## Supplied material
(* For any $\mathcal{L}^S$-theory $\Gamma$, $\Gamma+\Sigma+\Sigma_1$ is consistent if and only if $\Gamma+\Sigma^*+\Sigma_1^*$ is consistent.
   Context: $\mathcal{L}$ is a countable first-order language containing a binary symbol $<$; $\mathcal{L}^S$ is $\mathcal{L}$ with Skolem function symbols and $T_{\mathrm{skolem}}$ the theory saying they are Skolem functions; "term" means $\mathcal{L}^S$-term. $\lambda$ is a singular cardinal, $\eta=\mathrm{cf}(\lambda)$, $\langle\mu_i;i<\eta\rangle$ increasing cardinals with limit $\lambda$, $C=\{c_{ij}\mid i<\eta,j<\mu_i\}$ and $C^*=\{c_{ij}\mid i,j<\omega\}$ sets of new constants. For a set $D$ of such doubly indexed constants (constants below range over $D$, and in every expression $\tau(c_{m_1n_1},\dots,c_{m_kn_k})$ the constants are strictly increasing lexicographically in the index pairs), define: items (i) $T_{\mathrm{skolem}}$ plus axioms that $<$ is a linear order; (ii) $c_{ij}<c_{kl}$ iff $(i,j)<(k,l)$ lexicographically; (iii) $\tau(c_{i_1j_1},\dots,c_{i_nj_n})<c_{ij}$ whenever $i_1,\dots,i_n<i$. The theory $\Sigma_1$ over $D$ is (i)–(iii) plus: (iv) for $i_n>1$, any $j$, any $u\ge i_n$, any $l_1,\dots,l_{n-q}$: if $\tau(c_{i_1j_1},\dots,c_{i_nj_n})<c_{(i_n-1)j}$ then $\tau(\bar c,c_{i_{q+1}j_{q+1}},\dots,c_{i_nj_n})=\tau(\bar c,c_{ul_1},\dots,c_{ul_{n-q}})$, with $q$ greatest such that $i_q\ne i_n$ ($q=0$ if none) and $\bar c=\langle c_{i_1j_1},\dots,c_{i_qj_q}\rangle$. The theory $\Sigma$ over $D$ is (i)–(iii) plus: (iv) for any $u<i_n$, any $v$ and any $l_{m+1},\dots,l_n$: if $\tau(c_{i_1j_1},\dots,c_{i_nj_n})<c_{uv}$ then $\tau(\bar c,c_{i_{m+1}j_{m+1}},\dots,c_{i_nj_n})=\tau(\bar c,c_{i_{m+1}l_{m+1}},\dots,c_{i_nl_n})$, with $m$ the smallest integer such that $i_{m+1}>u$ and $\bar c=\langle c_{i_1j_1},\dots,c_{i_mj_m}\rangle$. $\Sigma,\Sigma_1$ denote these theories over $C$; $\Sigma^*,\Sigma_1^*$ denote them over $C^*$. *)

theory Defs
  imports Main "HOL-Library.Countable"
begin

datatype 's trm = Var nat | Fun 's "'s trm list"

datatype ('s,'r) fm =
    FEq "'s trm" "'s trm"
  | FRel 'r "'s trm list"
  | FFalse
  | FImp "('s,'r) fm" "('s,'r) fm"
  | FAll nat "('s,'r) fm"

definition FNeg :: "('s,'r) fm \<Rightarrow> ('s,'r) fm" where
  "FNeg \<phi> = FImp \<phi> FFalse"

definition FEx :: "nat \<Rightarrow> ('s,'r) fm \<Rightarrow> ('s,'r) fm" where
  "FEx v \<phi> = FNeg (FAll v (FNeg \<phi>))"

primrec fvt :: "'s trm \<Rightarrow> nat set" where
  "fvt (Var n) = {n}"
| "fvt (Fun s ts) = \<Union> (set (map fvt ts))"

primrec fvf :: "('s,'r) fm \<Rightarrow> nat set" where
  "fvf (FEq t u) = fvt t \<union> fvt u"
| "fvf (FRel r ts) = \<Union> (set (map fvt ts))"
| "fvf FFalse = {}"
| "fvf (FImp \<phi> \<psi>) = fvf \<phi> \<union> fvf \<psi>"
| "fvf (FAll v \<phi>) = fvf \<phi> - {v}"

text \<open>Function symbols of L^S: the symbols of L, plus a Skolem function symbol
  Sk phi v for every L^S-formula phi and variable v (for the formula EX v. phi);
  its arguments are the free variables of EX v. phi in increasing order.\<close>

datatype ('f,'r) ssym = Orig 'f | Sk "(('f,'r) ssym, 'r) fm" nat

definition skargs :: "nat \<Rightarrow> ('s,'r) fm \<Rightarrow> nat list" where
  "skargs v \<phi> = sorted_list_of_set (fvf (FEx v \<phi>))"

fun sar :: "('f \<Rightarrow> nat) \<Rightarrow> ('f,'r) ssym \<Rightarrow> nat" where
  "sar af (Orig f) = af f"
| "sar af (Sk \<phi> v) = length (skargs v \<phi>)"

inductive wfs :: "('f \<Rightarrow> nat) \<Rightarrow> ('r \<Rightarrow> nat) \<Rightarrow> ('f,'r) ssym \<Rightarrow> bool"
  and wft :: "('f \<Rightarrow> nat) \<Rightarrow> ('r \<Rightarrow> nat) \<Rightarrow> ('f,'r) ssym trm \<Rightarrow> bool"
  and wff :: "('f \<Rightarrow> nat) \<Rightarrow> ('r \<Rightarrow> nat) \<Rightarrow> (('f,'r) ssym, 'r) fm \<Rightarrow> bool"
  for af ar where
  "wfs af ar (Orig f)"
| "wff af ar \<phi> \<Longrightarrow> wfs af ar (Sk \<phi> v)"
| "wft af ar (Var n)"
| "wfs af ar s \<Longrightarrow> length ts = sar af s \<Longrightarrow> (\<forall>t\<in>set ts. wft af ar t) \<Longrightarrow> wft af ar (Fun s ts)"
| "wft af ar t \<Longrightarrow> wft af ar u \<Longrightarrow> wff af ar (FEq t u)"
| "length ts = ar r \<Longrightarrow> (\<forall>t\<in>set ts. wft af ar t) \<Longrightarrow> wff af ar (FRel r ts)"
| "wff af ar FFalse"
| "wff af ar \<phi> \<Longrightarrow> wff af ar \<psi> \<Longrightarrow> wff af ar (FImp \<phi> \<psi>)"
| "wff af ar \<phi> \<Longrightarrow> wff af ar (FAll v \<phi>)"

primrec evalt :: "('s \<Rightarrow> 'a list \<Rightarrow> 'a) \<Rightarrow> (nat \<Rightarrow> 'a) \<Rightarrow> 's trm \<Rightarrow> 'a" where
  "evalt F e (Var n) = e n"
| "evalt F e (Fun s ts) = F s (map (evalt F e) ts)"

--

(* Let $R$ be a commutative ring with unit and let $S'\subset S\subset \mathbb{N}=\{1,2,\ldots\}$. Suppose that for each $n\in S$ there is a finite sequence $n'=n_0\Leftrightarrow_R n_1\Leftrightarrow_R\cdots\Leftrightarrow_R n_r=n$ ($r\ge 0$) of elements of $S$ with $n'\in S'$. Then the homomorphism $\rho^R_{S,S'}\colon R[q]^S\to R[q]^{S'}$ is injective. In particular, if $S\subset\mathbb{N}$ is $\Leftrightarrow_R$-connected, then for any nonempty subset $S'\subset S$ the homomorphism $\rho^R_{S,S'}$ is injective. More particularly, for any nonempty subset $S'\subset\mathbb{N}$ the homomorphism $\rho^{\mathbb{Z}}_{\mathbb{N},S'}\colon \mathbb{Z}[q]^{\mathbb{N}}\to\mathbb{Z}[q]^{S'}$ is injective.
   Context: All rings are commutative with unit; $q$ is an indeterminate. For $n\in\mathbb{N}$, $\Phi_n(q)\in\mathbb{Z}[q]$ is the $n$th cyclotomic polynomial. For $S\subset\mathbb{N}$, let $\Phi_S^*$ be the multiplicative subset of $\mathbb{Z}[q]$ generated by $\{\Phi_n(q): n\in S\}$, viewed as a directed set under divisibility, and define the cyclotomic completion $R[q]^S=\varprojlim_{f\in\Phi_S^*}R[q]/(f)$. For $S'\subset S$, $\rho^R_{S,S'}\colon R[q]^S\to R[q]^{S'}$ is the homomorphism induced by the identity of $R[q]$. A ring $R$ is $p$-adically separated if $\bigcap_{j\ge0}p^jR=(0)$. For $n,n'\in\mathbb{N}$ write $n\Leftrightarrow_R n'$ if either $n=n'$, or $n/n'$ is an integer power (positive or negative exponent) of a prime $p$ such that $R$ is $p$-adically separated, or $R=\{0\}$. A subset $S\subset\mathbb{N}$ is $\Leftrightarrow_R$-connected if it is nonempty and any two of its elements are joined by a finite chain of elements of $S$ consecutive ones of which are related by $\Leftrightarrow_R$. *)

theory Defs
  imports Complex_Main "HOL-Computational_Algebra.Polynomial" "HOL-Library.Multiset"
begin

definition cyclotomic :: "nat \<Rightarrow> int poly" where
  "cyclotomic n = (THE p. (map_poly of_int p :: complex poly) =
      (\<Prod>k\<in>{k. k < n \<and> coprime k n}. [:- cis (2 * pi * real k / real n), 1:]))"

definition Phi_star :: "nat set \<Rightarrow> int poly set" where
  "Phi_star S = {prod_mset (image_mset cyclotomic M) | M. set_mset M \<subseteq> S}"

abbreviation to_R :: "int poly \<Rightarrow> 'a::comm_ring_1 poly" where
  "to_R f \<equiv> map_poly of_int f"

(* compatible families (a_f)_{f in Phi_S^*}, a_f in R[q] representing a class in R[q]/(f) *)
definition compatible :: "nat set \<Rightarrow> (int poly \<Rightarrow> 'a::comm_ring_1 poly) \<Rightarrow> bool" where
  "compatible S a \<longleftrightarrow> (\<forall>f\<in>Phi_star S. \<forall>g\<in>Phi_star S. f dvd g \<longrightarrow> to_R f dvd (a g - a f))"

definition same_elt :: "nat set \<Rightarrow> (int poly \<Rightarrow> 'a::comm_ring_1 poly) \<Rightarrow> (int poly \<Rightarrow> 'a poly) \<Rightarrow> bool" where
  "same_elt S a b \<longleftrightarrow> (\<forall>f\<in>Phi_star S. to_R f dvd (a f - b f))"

--

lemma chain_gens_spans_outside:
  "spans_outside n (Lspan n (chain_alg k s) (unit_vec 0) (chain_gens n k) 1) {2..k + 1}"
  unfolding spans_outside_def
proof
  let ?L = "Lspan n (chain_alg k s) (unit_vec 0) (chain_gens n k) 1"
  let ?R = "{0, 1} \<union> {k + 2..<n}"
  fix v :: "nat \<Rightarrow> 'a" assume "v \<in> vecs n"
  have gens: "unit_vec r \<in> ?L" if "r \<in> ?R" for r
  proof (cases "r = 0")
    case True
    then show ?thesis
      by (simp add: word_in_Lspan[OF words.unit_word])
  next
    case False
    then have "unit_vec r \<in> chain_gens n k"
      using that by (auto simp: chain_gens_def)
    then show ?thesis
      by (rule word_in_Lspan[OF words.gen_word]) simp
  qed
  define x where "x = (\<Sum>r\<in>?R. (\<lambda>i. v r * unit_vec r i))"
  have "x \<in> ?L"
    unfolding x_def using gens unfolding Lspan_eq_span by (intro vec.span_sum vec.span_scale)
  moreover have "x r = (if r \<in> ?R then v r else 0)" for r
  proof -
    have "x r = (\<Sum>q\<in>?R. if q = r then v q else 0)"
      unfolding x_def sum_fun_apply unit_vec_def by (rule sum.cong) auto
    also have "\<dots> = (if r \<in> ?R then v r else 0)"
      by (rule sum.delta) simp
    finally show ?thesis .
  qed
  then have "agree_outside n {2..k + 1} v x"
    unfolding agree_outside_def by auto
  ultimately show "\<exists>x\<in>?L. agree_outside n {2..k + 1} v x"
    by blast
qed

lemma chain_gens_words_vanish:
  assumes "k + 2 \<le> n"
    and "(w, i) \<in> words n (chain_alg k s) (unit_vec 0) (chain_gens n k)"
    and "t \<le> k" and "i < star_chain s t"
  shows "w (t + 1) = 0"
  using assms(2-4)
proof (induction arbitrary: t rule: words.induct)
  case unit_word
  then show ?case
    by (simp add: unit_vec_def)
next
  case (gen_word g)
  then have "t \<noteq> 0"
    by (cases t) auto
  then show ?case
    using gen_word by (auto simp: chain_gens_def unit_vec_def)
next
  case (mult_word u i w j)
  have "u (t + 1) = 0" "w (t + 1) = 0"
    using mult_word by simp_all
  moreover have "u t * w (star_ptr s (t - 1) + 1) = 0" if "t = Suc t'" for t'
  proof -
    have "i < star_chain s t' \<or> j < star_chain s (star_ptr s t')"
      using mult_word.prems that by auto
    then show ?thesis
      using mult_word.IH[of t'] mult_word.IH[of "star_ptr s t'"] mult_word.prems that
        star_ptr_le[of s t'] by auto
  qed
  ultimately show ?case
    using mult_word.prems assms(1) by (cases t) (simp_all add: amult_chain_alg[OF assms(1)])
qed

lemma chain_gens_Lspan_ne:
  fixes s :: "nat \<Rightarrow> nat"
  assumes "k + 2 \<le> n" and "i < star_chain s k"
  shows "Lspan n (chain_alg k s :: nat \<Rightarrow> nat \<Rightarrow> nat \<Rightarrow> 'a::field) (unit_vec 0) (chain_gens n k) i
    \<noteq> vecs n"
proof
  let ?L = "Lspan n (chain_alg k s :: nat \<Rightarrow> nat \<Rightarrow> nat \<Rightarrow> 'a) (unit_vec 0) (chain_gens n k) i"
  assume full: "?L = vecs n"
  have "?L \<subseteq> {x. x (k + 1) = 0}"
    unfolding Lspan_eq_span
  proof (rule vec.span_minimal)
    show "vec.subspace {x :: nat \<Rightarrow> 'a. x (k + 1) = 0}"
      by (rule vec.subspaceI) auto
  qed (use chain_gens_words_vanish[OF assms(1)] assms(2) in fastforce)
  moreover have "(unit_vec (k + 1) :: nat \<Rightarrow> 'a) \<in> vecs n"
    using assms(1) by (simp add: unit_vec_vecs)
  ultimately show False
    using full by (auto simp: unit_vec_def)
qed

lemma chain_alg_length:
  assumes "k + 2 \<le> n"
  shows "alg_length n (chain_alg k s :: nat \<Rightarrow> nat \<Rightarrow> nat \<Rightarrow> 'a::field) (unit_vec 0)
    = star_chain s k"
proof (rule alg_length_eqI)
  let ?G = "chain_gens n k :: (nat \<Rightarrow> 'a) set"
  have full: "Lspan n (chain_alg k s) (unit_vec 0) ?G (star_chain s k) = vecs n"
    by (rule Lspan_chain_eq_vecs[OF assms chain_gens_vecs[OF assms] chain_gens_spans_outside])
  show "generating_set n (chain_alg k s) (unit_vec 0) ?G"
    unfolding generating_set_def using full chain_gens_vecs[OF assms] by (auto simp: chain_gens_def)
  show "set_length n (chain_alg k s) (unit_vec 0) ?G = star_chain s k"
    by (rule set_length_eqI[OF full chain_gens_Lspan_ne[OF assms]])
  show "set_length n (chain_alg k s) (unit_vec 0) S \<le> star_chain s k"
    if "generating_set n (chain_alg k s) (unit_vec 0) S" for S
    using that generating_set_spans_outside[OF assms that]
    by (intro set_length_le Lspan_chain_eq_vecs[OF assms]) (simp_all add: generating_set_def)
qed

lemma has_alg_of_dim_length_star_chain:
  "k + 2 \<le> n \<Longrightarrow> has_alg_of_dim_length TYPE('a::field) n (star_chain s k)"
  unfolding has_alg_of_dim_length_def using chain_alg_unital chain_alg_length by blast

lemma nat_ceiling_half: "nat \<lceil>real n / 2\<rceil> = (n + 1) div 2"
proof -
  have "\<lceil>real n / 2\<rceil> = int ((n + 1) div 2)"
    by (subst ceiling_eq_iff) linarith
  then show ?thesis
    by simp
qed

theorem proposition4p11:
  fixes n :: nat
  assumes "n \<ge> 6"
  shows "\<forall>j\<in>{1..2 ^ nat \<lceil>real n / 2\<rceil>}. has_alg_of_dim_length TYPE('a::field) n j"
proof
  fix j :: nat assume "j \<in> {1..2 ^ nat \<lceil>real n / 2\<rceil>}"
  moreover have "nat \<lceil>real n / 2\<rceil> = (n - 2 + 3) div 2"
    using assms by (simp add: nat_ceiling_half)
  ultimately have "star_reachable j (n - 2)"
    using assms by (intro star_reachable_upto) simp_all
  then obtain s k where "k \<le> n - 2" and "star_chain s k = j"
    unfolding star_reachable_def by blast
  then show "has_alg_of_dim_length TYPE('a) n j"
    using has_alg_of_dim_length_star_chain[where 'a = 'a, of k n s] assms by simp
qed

## What you need to do
Whenever a line of the data includes "lemma", copy that line.

## Written response
lemma chain_gens_spans_outside:
lemma chain_gens_words_vanish:
lemma chain_gens_Lspan_ne:
lemma chain_alg_length:
lemma has_alg_of_dim_length_star_chain:
lemma nat_ceiling_half: "nat \<lceil>real n / 2\<rceil> = (n + 1) div 2"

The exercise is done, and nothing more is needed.